## Dataset entries:

(* For $n\ge2$, $R>1$ and $s\in(0,\tfrac12)$ there exist explicit $\delta,C>0$ depending only on $n,R,s$ such that the following holds. If $\sigma\subseteq\mathbb R^n$ is a convex cone with $r(\sigma\cap B_2^n)\ge s$, and $E,E'\subseteq\mathbb R^n$ are origin-symmetric ellipsoids with $\frac1RB_2^n\subseteq E,E'\subseteq RB_2^n$ and $|(E\Delta E')\cap\sigma|\le\delta$, then $$|E\Delta E'|\le C\,|(E\Delta E')\cap\sigma|.$$
   Context: $r(\cdot)$ denotes the inradius (maximal radius of a Euclidean ball contained in the set), $B_2^n$ the Euclidean unit ball, $|\cdot|$ Lebesgue measure, $\Delta$ symmetric difference. A convex cone here has apex at the origin. *)

theory Defs
  imports "HOL-Analysis.Analysis"
begin

definition inradius :: "'a::euclidean_space set \<Rightarrow> real" where
  "inradius S = Sup {r. 0 \<le> r \<and> (\<exists>x. cball x r \<subseteq> S)}"

definition sym_ellipsoid :: "'a::euclidean_space set \<Rightarrow> bool" where
  "sym_ellipsoid S \<longleftrightarrow> (\<exists>T::'a \<Rightarrow> 'a. linear T \<and> inj T \<and> S = T ` cball 0 1)"

definition symdiff :: "'a set \<Rightarrow> 'a set \<Rightarrow> 'a set" where
  "symdiff A B = (A - B) \<union> (B - A)"

end

theory Submission
  imports Defs
begin

text \<open>Write \<open>E\<^sub>i = {x. \<parallel>S\<^sub>i x\<parallel> \<le> 1}\<close> with \<open>S\<^sub>i\<close> linear, let
  \<open>q(x) = \<parallel>S\<^sub>1 x\<parallel>\<^sup>2 - \<parallel>S\<^sub>2 x\<parallel>\<^sup>2\<close> and let \<open>M\<close> be the maximum of \<open>|q|\<close> on the unit sphere.
  Each ellipsoid lies in the \<open>(1 + M R\<^sup>2)\<close>-dilate of the other, so \<open>|E\<^sub>1 \<Delta> E\<^sub>2| = O(M)\<close>.
  Conversely, \<open>\<sigma> \<inter> B\<^sub>2\<^sup>n\<close> contains a ball of radius \<open>s/2\<close>; the second-difference identity
  for \<open>q\<close> finds in it a smaller ball of radius \<open>\<sim> s\<^sup>2\<close> on which \<open>q\<close> has constant sign and
  size \<open>\<gtrsim> M s\<^sup>2\<close>. On the cone over that ball one ellipsoid lies inside a fixed contraction of
  the other, which forces \<open>|(E\<^sub>1 \<Delta> E\<^sub>2) \<inter> \<sigma>| \<gtrsim> M\<close>. The ratio is therefore bounded outright.\<close>

lemma sym_ellipsoid_sublevel:
  fixes E :: "'a::euclidean_space set"
  assumes "sym_ellipsoid E"
  obtains S :: "'a \<Rightarrow> 'a" where "linear S" "E = {x. norm (S x) \<le> 1}"
proof -
  obtain T :: "'a \<Rightarrow> 'a" where T: "linear T" "inj T" "E = T ` cball 0 1"
    using assms unfolding sym_ellipsoid_def by blast
  obtain S where S: "linear S" "S \<circ> T = id"
    using linear_injective_left_inverse[OF T(1,2)] by blast
  have ST: "S (T y) = y" for y
    using S(2) by (metis comp_apply id_apply)
  have TS: "T (S x) = x" for x
    using linear_injective_imp_surjective[OF T(1,2)] by (metis ST surjD)
  have "E = {x. norm (S x) \<le> 1}"
    unfolding T(3) by (auto simp: ST) (metis TS imageI mem_cball_0)
  with S(1) show thesis by (rule that)
qed
(* Let $P$ be a knot projection on $S^2$ (possibly reducible), and let $P_B$ be the knot projection obtained from $P$ by applying the move $B$ at every crossing of $P$. Then $P_B$ is reduced.
   Context: A knot projection is a closed curve in $S^2$ that is the image of an immersion $S^1\to S^2$ whose only singularities are finitely many transverse double points (crossings), up to isotopy of $S^2$. A crossing $c$ is reducible if the four corners of $S^2\setminus P$ at $c$ do not lie in four pairwise distinct regions; $P$ is reduced if it has no reducible crossing. Move $B$ at a crossing $c$: choose an orientation of $P$; in a small disk around $c$, $P$ is drawn as two arcs, both traversed from left to right, crossing once (shadow of the braid generator $\sigma_1$ with the braid running horizontally); $B$ replaces this by two arcs with the same endpoints, both traversed left to right, crossing three times in succession (shadow of $\sigma_1^3$, forming two consecutive bigons), unchanged outside the disk. This is independent of the chosen orientation. *)

theory Defs
  imports Main
begin

text \<open>Knot projections on S^2 are encoded as combinatorial maps (rotation systems):
  a finite set D of darts (half-edges), a rotation sigma (counterclockwise successor of a
  dart around its crossing; its orbits are the crossings) and a fixed-point-free involution
  alpha (the other end of the edge).  Regions of S^2 minus P are the orbits of the face
  permutation sigma o alpha; the corner between x and sigma x lies in the face orbit of sigma x.
  The curve runs straight through a crossing: from the outgoing dart d it reaches the dart
  alpha d and leaves through the opposite dart sigma^2 (alpha d).\<close>

definition orb :: "('a \<Rightarrow> 'a) \<Rightarrow> 'a \<Rightarrow> 'a set" where
  "orb f x = range (\<lambda>n. (f ^^ n) x)"

definition orbits :: "('a \<Rightarrow> 'a) \<Rightarrow> 'a set \<Rightarrow> 'a set set" where
  "orbits f D = orb f ` D"

definition traversal :: "('a \<Rightarrow> 'a) \<Rightarrow> ('a \<Rightarrow> 'a) \<Rightarrow> 'a \<Rightarrow> 'a" where
  "traversal sigma alpha d = (sigma ^^ 2) (alpha d)"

## Exercise brief:
Find the line with "Context: A knot" in the entries above. Retype it and each line after it, exactly, through the line with "range (\<lambda>n. (f", and stop there.

## Response area:
   Context: A knot projection is a closed curve in $S^2$ that is the image of an immersion $S^1\to S^2$ whose only singularities are finitely many transverse double points (crossings), up to isotopy of $S^2$. A crossing $c$ is reducible if the four corners of $S^2\setminus P$ at $c$ do not lie in four pairwise distinct regions; $P$ is reduced if it has no reducible crossing. Move $B$ at a crossing $c$: choose an orientation of $P$; in a small disk around $c$, $P$ is drawn as two arcs, both traversed from left to right, crossing once (shadow of the braid generator $\sigma_1$ with the braid running horizontally); $B$ replaces this by two arcs with the same endpoints, both traversed left to right, crossing three times in succession (shadow of $\sigma_1^3$, forming two consecutive bigons), unchanged outside the disk. This is independent of the chosen orientation. *)

theory Defs
  imports Main
begin

text \<open>Knot projections on S^2 are encoded as combinatorial maps (rotation systems):
  a finite set D of darts (half-edges), a rotation sigma (counterclockwise successor of a
  dart around its crossing; its orbits are the crossings) and a fixed-point-free involution
  alpha (the other end of the edge).  Regions of S^2 minus P are the orbits of the face
  permutation sigma o alpha; the corner between x and sigma x lies in the face orbit of sigma x.
  The curve runs straight through a crossing: from the outgoing dart d it reaches the dart
  alpha d and leaves through the opposite dart sigma^2 (alpha d).\<close>

definition orb :: "('a \<Rightarrow> 'a) \<Rightarrow> 'a \<Rightarrow> 'a set" where
  "orb f x = range (\<lambda>n. (f ^^ n) x)"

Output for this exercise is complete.